• _Problem_
Look through the records below for the line holding "unfolding int_maxnorm_def by (simp". Write it out exactly, with each following line through the line holding "(N * \<bar>a\<bar>)".

Dataset entries:
○ ○ ○

lemma measure_A_set_inter_multiples:
  fixes q1 q2 u :: "int^'n" and B1 B2 :: "(real^'m) set"
  assumes u: "u \<noteq> 0" and B: "open B1" "open B2"
    and q1: "\<forall>i. q1 $ i = a * u $ i" and q2: "\<forall>i. q2 $ i = b * u $ i"
  shows "measure lebesgue (A_set q1 B1 \<inter> A_set q2 B2) = measure lebesgue (multiples_in a b B1 B2 \<inter> cbox 0 One)"
proof -
  define E where "E = multiples_in a b B1 B2"
  define uv where "uv = (\<chi> i. real_of_int (u $ i))"
  have E [measurable]: "E \<in> sets borel"
    unfolding E_def using B by (intro borel_open open_multiples_in)
  have inter: "A_set q1 B1 \<inter> A_set q2 B2 = cbox 0 One \<inter> (\<lambda>x. uv v* x) -` E"
    by (auto simp: A_set_multiple_iff[OF q1] A_set_multiple_iff[OF q2] multiples_in_def E_def uv_def)
  have "emeasure lborel (cbox 0 One \<inter> (\<lambda>x::real^'m^'n. uv v* x) -` E)
      = (\<integral>\<^sup>+ x. indicator (cbox 0 One \<inter> (\<lambda>x. uv v* x) -` E) x \<partial>lborel)"
    using E by (intro nn_integral_indicator[symmetric]) measurable
  also have "\<dots> = (\<integral>\<^sup>+ x. indicator E (uv v* x) * indicator (cbox 0 One) x \<partial>lborel)"
    by (intro nn_integral_cong) (simp split: split_indicator)
  also have "\<dots> = (\<integral>\<^sup>+ z. indicator E z * indicator (cbox 0 One) z \<partial>lborel)"
    unfolding uv_def E_def
    by (rule nn_integral_unit_cube_int_vector_mult[OF u _ Basis_periodic_multiples_in]) (use E[unfolded E_def] in measurable)
  also have "\<dots> = (\<integral>\<^sup>+ z. indicator (E \<inter> cbox 0 One) z \<partial>lborel)"
    by (intro nn_integral_cong) (simp split: split_indicator)
  also have "\<dots> = emeasure lborel (E \<inter> cbox 0 One)"
    using E by (intro nn_integral_indicator) measurable
  finally have "emeasure lborel (A_set q1 B1 \<inter> A_set q2 B2) = emeasure lborel (E \<inter> cbox 0 One)"
    unfolding inter .
  moreover have "A_set q1 B1 \<inter> A_set q2 B2 \<in> sets borel"
    unfolding inter by measurable
  ultimately show ?thesis
    using E unfolding E_def by (simp add: measure_def)
qed

lemma open_max_ball: "open (max_ball c \<rho>)"
proof -
  have "max_ball c \<rho> = box (\<chi> j. c $ j - \<rho>) (\<chi> j. c $ j + \<rho>)"
    by (auto simp: max_ball_def mem_box_cart abs_less_iff algebra_simps)
  then show ?thesis
    by (simp only: open_box)
qed

section \<open>Parallel integer vectors\<close>

lemma int_parallel_coprime_factorization:
  fixes q1 q2 :: "int^'n"
  assumes q1: "q1 \<noteq> 0" and par: "int_parallel q1 q2"
  obtains u a b where "u \<noteq> 0" "coprime a b" "\<forall>i. q1 $ i = a * u $ i" "\<forall>i. q2 $ i = b * u $ i"
proof -
  obtain c where c: "\<And>i. real_of_int (q2 $ i) = c * real_of_int (q1 $ i)"
    using par unfolding int_parallel_def by blast
  obtain i0 where i0: "q1 $ i0 \<noteq> 0"
    using q1 by (auto simp: vec_eq_iff)
  have cross: "q1 $ i0 * q2 $ i = q2 $ i0 * q1 $ i" for i
  proof -
    have "real_of_int (q1 $ i0 * q2 $ i) = real_of_int (q2 $ i0 * q1 $ i)"
      using c[of i] c[of i0] by simp
    then show ?thesis
      by (simp only: of_int_eq_iff)
  qed
  define g where "g = gcd (q1 $ i0) (q2 $ i0)"
  define a where "a = q1 $ i0 div g"
  define b where "b = q2 $ i0 div g"
  have g: "g \<noteq> 0" and ag: "q1 $ i0 = a * g" and bg: "q2 $ i0 = b * g"
    using i0 by (auto simp: g_def a_def b_def)
  have a: "a \<noteq> 0"
    using ag i0 by auto
  have cop: "coprime a b"
    unfolding a_def b_def g_def by (rule div_gcd_coprime) (use i0 in auto)
  have ab: "a * q2 $ i = b * q1 $ i" for i
    using cross[of i] g unfolding ag bg by (simp add: ac_simps)
  define u where "u = (\<chi> i. q1 $ i div a)"
  have q1u: "q1 $ i = a * u $ i" for i
  proof -
    have "a dvd b * q1 $ i"
      by (metis ab dvd_triv_left)
    with cop show ?thesis
      by (simp add: u_def coprime_dvd_mult_right_iff)
  qed
  have q2u: "q2 $ i = b * u $ i" for i
    using ab[of i] a unfolding q1u by (simp add: mult.left_commute)
  have "u \<noteq> 0"
    using q1 by (auto simp: vec_eq_iff q1u)
  with cop q1u q2u show ?thesis
    using that by blast
qed

lemma int_maxnorm_scale:
  fixes q u :: "int^'n"
  assumes "\<forall>i. q $ i = a * u $ i"
  shows "int_maxnorm q = \<bar>a\<bar> * int_maxnorm u"
proof -
  have "range (\<lambda>i. \<bar>q $ i\<bar>) = (\<lambda>t. \<bar>a\<bar> * t) ` range (\<lambda>i. \<bar>u $ i\<bar>)"
    using assms by (auto simp: abs_mult)
  moreover have "mono (\<lambda>t. \<bar>a\<bar> * t)"
    by (auto intro!: monoI mult_left_mono)
  ultimately show ?thesis
    unfolding int_maxnorm_def by (simp add: mono_Max_commute)
qed

lemma int_maxnorm_pos:
  fixes u :: "int^'n"
  assumes "u \<noteq> 0"
  shows "int_maxnorm u > 0"
proof -
  obtain i where "u $ i \<noteq> 0"
    using assms by (auto simp: vec_eq_iff)
  then have "0 < \<bar>u $ i\<bar>"
    by simp
  also have "\<bar>u $ i\<bar> \<le> int_maxnorm u"
    unfolding int_maxnorm_def by (rule Max_ge) auto
  finally show ?thesis .
qed

lemma sgn_int_dot_multiples:
  fixes q1 q2 u :: "int^'n"
  assumes u: "u \<noteq> 0" and q1: "\<forall>i. q1 $ i = a * u $ i" and q2: "\<forall>i. q2 $ i = b * u $ i"
  shows "sgn (int_dot q1 q2) = sgn (a * b)"
proof -
  have "int_dot q1 q2 = a * b * (\<Sum>i\<in>UNIV. u $ i * u $ i)"
    unfolding int_dot_def using q1 q2 by (simp add: sum_distrib_left ac_simps)
  moreover obtain i where "u $ i \<noteq> 0"
    using u by (auto simp: vec_eq_iff)
  then have "(\<Sum>i\<in>UNIV. u $ i * u $ i) > 0"
    by (intro sum_pos2[of UNIV i]) (auto simp: zero_less_mult_iff)
  ultimately show ?thesis
    by (simp add: sgn_mult)
qed

lemma coprime_factors_unique:
  fixes a b a' b' N N' :: int
  assumes "a \<noteq> 0" "b \<noteq> 0" and cop: "coprime a b" "coprime a' b'" and N: "N > 0" "N' > 0"
    and "\<bar>a\<bar> * N = \<bar>a'\<bar> * N'" "\<bar>b\<bar> * N = \<bar>b'\<bar> * N'"
    and "sgn (a * b) = sgn (a' * b')"
  shows "(a' = a \<and> b' = b) \<or> (a' = -a \<and> b' = -b)"
proof -
  have "gcd (N * \<bar>a\<bar>) (N * \<bar>b\<bar>) = N" "gcd (N' * \<bar>a'\<bar>) (N' * \<bar>b'\<bar>) = N'"
    using cop N by (simp_all flip: gcd_mult_distrib_int)
  then have "N = N'"
    using assms(7,8) by (simp add: mult.commute)
  then have "\<bar>a'\<bar> = \<bar>a\<bar>" "\<bar>b'\<bar> = \<bar>b\<bar>"
    using assms(7,8) N by simp_all
  then have "a' = a \<or> a' = -a" "b' = b \<or> b' = -b"
    by (auto simp: abs_eq_iff)
  moreover have "sgn (a * b) \<noteq> 0"
    using assms(1,2) by (simp add: sgn_0_0)
  ultimately show ?thesis
    using assms(9) by (auto simp: sgn_mult)
qed

theorem mainTheorem7:
  fixes q1 q2 :: "int^'n" and r1 r2 :: "int^'k" and c1 c2 :: "real^'m" and \<rho>1 \<rho>2 :: real
  assumes "\<rho>1 > 0" and "\<rho>2 > 0"
    and "q1 \<noteq> 0" and "q2 \<noteq> 0" and "int_parallel q1 q2"
    and "r1 \<noteq> 0" and "r2 \<noteq> 0" and "int_parallel r1 r2"
    and "int_maxnorm q1 = int_maxnorm r1" and "int_maxnorm q2 = int_maxnorm r2"
    and "sgn (int_dot q1 q2) = sgn (int_dot r1 r2)"
  shows "measure lebesgue (A_set q1 (max_ball c1 \<rho>1) \<inter> A_set q2 (max_ball c2 \<rho>2))
       = measure lebesgue (A_set r1 (max_ball c1 \<rho>1) \<inter> A_set r2 (max_ball c2 \<rho>2))"
proof -
  obtain u a b where u: "u \<noteq> 0" "coprime a b" and q: "\<forall>i. q1 $ i = a * u $ i" "\<forall>i. q2 $ i = b * u $ i"
    using int_parallel_coprime_factorization[OF assms(3,5)] by blast
  obtain v a' b' where v: "v \<noteq> 0" "coprime a' b'" and r: "\<forall>i. r1 $ i = a' * v $ i" "\<forall>i. r2 $ i = b' * v $ i"
    using int_parallel_coprime_factorization[OF assms(6,8)] by blast
  have "a \<noteq> 0" "b \<noteq> 0"
    using q assms(3,4) by (auto simp: vec_eq_iff)
  then have "(a' = a \<and> b' = b) \<or> (a' = -a \<and> b' = -b)"
    using u v assms(9-11) int_maxnorm_pos[OF u(1)] int_maxnorm_pos[OF v(1)]
    by (intro coprime_factors_unique)
      (simp_all add: int_maxnorm_scale[OF q(1)] int_maxnorm_scale[OF q(2)] int_maxnorm_scale[OF r(1)]
        int_maxnorm_scale[OF r(2)] sgn_int_dot_multiples[OF u(1) q] sgn_int_dot_multiples[OF v(1) r])
  then obtain w :: "int^'k" where w: "w \<noteq> 0" "\<forall>i. r1 $ i = a * w $ i" "\<forall>i. r2 $ i = b * w $ i"
  proof
    assume "a' = a \<and> b' = b"
    then show ?thesis
      using that[of v] v(1) r by simp
  next
    assume "a' = -a \<and> b' = -b"
    then show ?thesis
      using that[of "-v"] v(1) r by simp
  qed
  show ?thesis
    using measure_A_set_inter_multiples[of u "max_ball c1 \<rho>1" "max_ball c2 \<rho>2", OF u(1) open_max_ball open_max_ball q]
      measure_A_set_inter_multiples[of w "max_ball c1 \<rho>1" "max_ball c2 \<rho>2", OF w(1) open_max_ball open_max_ball w(2,3)]
    by simp
qed

end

○ ○ ○

• _Reply_
    unfolding int_maxnorm_def by (simp add: mono_Max_commute)
qed

lemma int_maxnorm_pos:
  fixes u :: "int^'n"
  assumes "u \<noteq> 0"
  shows "int_maxnorm u > 0"
proof -
  obtain i where "u $ i \<noteq> 0"
    using assms by (auto simp: vec_eq_iff)
  then have "0 < \<bar>u $ i\<bar>"
    by simp
  also have "\<bar>u $ i\<bar> \<le> int_maxnorm u"
    unfolding int_maxnorm_def by (rule Max_ge) auto
  finally show ?thesis .
qed

lemma sgn_int_dot_multiples:
  fixes q1 q2 u :: "int^'n"
  assumes u: "u \<noteq> 0" and q1: "\<forall>i. q1 $ i = a * u $ i" and q2: "\<forall>i. q2 $ i = b * u $ i"
  shows "sgn (int_dot q1 q2) = sgn (a * b)"
proof -
  have "int_dot q1 q2 = a * b * (\<Sum>i\<in>UNIV. u $ i * u $ i)"
    unfolding int_dot_def using q1 q2 by (simp add: sum_distrib_left ac_simps)
  moreover obtain i where "u $ i \<noteq> 0"
    using u by (auto simp: vec_eq_iff)
  then have "(\<Sum>i\<in>UNIV. u $ i * u $ i) > 0"
    by (intro sum_pos2[of UNIV i]) (auto simp: zero_less_mult_iff)
  ultimately show ?thesis
    by (simp add: sgn_mult)
qed

lemma coprime_factors_unique:
  fixes a b a' b' N N' :: int
  assumes "a \<noteq> 0" "b \<noteq> 0" and cop: "coprime a b" "coprime a' b'" and N: "N > 0" "N' > 0"
    and "\<bar>a\<bar> * N = \<bar>a'\<bar> * N'" "\<bar>b\<bar> * N = \<bar>b'\<bar> * N'"
    and "sgn (a * b) = sgn (a' * b')"
  shows "(a' = a \<and> b' = b) \<or> (a' = -a \<and> b' = -b)"
proof -
  have "gcd (N * \<bar>a\<bar>) (N * \<bar>b\<bar>) = N" "gcd (N' * \<bar>a'\<bar>) (N' * \<bar>b'\<bar>) = N'"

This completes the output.